Le maître-mot, c’est objectivation. Sur la plupart des sujets de société, tout le monde a un avis, en tant que citoyen. Cet avis subjectif est lié à notre trajectoire et notre position sociale. Pour pouvoir prendre du recul, comprendre d’où viennent les avis de chacun et se mettre à la place d’un camarade de classe qui a un autre point de vue, sans tomber dans ces chocs de positions irréconciliables qui mettent à mal la cohésion d’une classe comme de la société en général, la sociologie propose une démarche scientifique. On enquête, on pose des questions, on prend le temps d’observer avec une grille d’analyse, de mener des entretiens… C’est comme ça qu’on peut atteindre un savoir plus objectif sur la société. La sociologie n’a pas simplement à offrir des connaissances toutes faites, mais aussi des outils pour en produire par soi-même. Les transposer à l’école est une façon d’apprendre aux élèves à comprendre sans juger ou du moins à comprendre avant de juger.
Quels apports spécifiques pour les élèves ?

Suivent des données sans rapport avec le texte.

lemma l2_inner_basis_upper:
  assumes i: "i \<in> {1..n}" and j: "j \<in> {1..n}" and "i < j" "q < p"
  shows "l2_inner (taylor_coeff (basis i p)) (taylor_coeff (basis j q)) = 0"
proof -
  define G where "G w = kernel_scale i * kernel_scale j * szego_kernel (zs i) w * bprod {1..<i} w
                        * lam * bprod {j..<Suc n} w * R w ^ (p - q - 1)" for w
  have "{1..<i} \<subseteq> {1..n}" "{j..<Suc n} \<subseteq> {1..n}" using i j by auto
  hence holG: "G holomorphic_on ball 0 radius" unfolding G_def[abs_def] using i
    by (intro holomorphic_intros holomorphic_szego_kernel_zero holomorphic_bprod holomorphic_R)
  have "basis i p w * cnj (basis j q w) = G w * cnj (szego_kernel (zs j) w)" if w: "norm w = 1" for w
  proof -
    obtain d where "p = Suc (q + d)" using \<open>q < p\<close> less_imp_Suc_add by blast
    hence "R w ^ p = R w ^ q * R w * R w ^ (p - q - 1)" by (simp add: power_add mult_ac)
    moreover have "R w = lam * bprod {1..<j} w * bprod {j..<Suc n} w" using R_split[of j] j by simp
    moreover have "{1..<j} \<subseteq> {1..n}" using j by auto
    hence "bprod {1..<j} w \<noteq> 0" "R w \<noteq> 0" using bprod_circle(1)[OF _ w] R_circle(1)[OF w] by auto
    ultimately show ?thesis unfolding basis_circle[OF j w]
      by (simp add: basis_def u_eq G_def field_simps)
  qed
  hence "l2_inner (taylor_coeff (basis i p)) (taylor_coeff (basis j q)) = G (zs j)"
    using holomorphic_basis[OF i] holomorphic_basis[OF j] holG radius_bounds j
    by (intro l2_inner_eq_eval_if_circle_identity[where \<rho>=radius]) (auto intro: less_imp_le)
  also have "G (zs j) = 0" using bprod_zero[of j "{j..<Suc n}"] j by (simp add: G_def)
  finally show ?thesis .
qed

lemma l2_inner_basis:
  assumes i: "i \<in> {1..n}" and j: "j \<in> {1..n}"
  shows "l2_inner (taylor_coeff (basis i p)) (taylor_coeff (basis j q)) = (if i = j \<and> p = q then 1 else 0)"
proof -
  have swap: "l2_inner (taylor_coeff (basis i p)) (taylor_coeff (basis j q))
      = cnj (l2_inner (taylor_coeff (basis j q)) (taylor_coeff (basis i p)))"
    using basis_in_H2[OF i] basis_in_H2[OF j] by (intro l2_inner_commute) (auto simp: mem_H2_iff)
  consider "j \<le> i" "q \<le> p" | "i < j" "q < p" | "i \<le> j" "p \<le> q" | "j < i" "p < q" by linarith
  thus ?thesis
  proof cases
    case 3
    thus ?thesis unfolding swap using l2_inner_basis_lower[OF j i] by auto
  next
    case 4
    thus ?thesis unfolding swap using l2_inner_basis_upper[OF j i] by auto
  qed (use l2_inner_basis_lower[OF i j] l2_inner_basis_upper[OF i j] in auto)
qed

lemma orthonormal_basis: "orthonormal ({1..n} \<times> UNIV) (\<lambda>(i, m). taylor_coeff (basis i m))"
  unfolding orthonormal_def using l2_inner_basis basis_in_H2 by (auto simp: mem_H2_iff)

lemma orthonormal_basis_fixed_index: "i \<in> {1..n} \<Longrightarrow> orthonormal UNIV (\<lambda>m. taylor_coeff (basis i m))"
  unfolding orthonormal_def using l2_inner_basis basis_in_H2 by (auto simp: mem_H2_iff)

lemma bfactor_defect:
  assumes k: "k \<in> {1..n}" and a: "norm a < 1"
  shows "(1 - (norm a)\<^sup>2) * (norm (kernel_scale k * szego_kernel (zs k) a))\<^sup>2
       = 1 - (norm (bfactor k a))\<^sup>2"
proof -
  define D where "D = (norm (1 - cnj (zs k) * a))\<^sup>2"
  have "D > 0" unfolding D_def using denominator_nonzero[OF k] a radius_bounds(1) by simp
  have "(norm (kernel_scale k))\<^sup>2 = 1 - (norm (zs k))\<^sup>2"
    unfolding kernel_scale_def using norm_zero_less_1[OF k] by (simp add: abs_square_le_1 less_imp_le)
  hence "(1 - (norm a)\<^sup>2) * (norm (kernel_scale k * szego_kernel (zs k) a))\<^sup>2
      = (1 - (norm (zs k))\<^sup>2) * (1 - (norm a)\<^sup>2) / D"
    unfolding szego_kernel_def D_def by (simp add: norm_mult norm_divide power_mult_distrib power_divide)
  also have "\<dots> = (D - (norm (a - zs k))\<^sup>2) / D"
    unfolding D_def by (simp only: blaschke_factor_norm_identity)
  also have "\<dots> = 1 - (norm (a - zs k))\<^sup>2 / D" using \<open>D > 0\<close> by (simp add: diff_divide_distrib)
  also have "(norm (a - zs k))\<^sup>2 / D = (norm (bfactor k a))\<^sup>2"
    unfolding bfactor_def D_def by (simp add: norm_divide power_divide)
  finally show ?thesis .
qed

lemma sum_norm_u_sq:
  assumes a: "norm a < 1"
  shows "m \<le> n \<Longrightarrow> (1 - (norm a)\<^sup>2) * (\<Sum>i\<in>{1..m}. (norm (u i a))\<^sup>2) = 1 - (norm (bprod {1..<Suc m} a))\<^sup>2"
proof (induction m)
  case 0
  then show ?case by (simp add: bprod_def)
next
  case (Suc m)
  have k: "Suc m \<in> {1..n}" using Suc.prems by auto
  have "(1 - (norm a)\<^sup>2) * (norm (u (Suc m) a))\<^sup>2
      = (1 - (norm (bfactor (Suc m) a))\<^sup>2) * (norm (bprod {1..<Suc m} a))\<^sup>2"
    unfolding u_eq bfactor_defect[OF k a, symmetric] by (simp add: norm_mult power_mult_distrib)
  also have "\<dots> = (norm (bprod {1..<Suc m} a))\<^sup>2 - (norm (bprod {1..<Suc (Suc m)} a))\<^sup>2"
    by (simp add: bprod_def norm_mult power_mult_distrib algebra_simps)
  finally show ?case using Suc by (simp add: distrib_left)
qed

L’enjeu est à la fois de répondre à des questions qu’ils se posent et de les aider à se décentrer. Autrement dit, partir de choses qui les concernent ou les préoccupent, comme les vacances, les attentats ou la pandémie, puis leur donner de la matière pour prendre du recul sur leur point de vue, avec l’idée de revenir à eux in fine. C’est un cheminement : se décentrer pour voir les choses de manière plus globale afin de pouvoir au final se replacer soi-même dans un grand ensemble. Cela développe la capacité à se mettre à la place des autres, et en même temps, aide chaque élève à mieux s’affirmer dans une société complexe comme la nôtre, mieux y trouver sa place sans pour autant que cela passe par un écrasement de l’autre. En objectivant les choses, les élèves comprennent que dans ce grand ensemble social, il y a d’autres manières de voir, de faire et de vivre, qui valent tout autant que les leurs et qu’on peut tout à fait vivre ensemble, différents mais égaux. Les savoirs issus des sciences sociales sont émancipateurs au sens où, dans une société complexe, ils aident à faire face à pas mal de difficultés et à se frayer un chemin. Et donc plus tôt on y est initié, mieux c’est.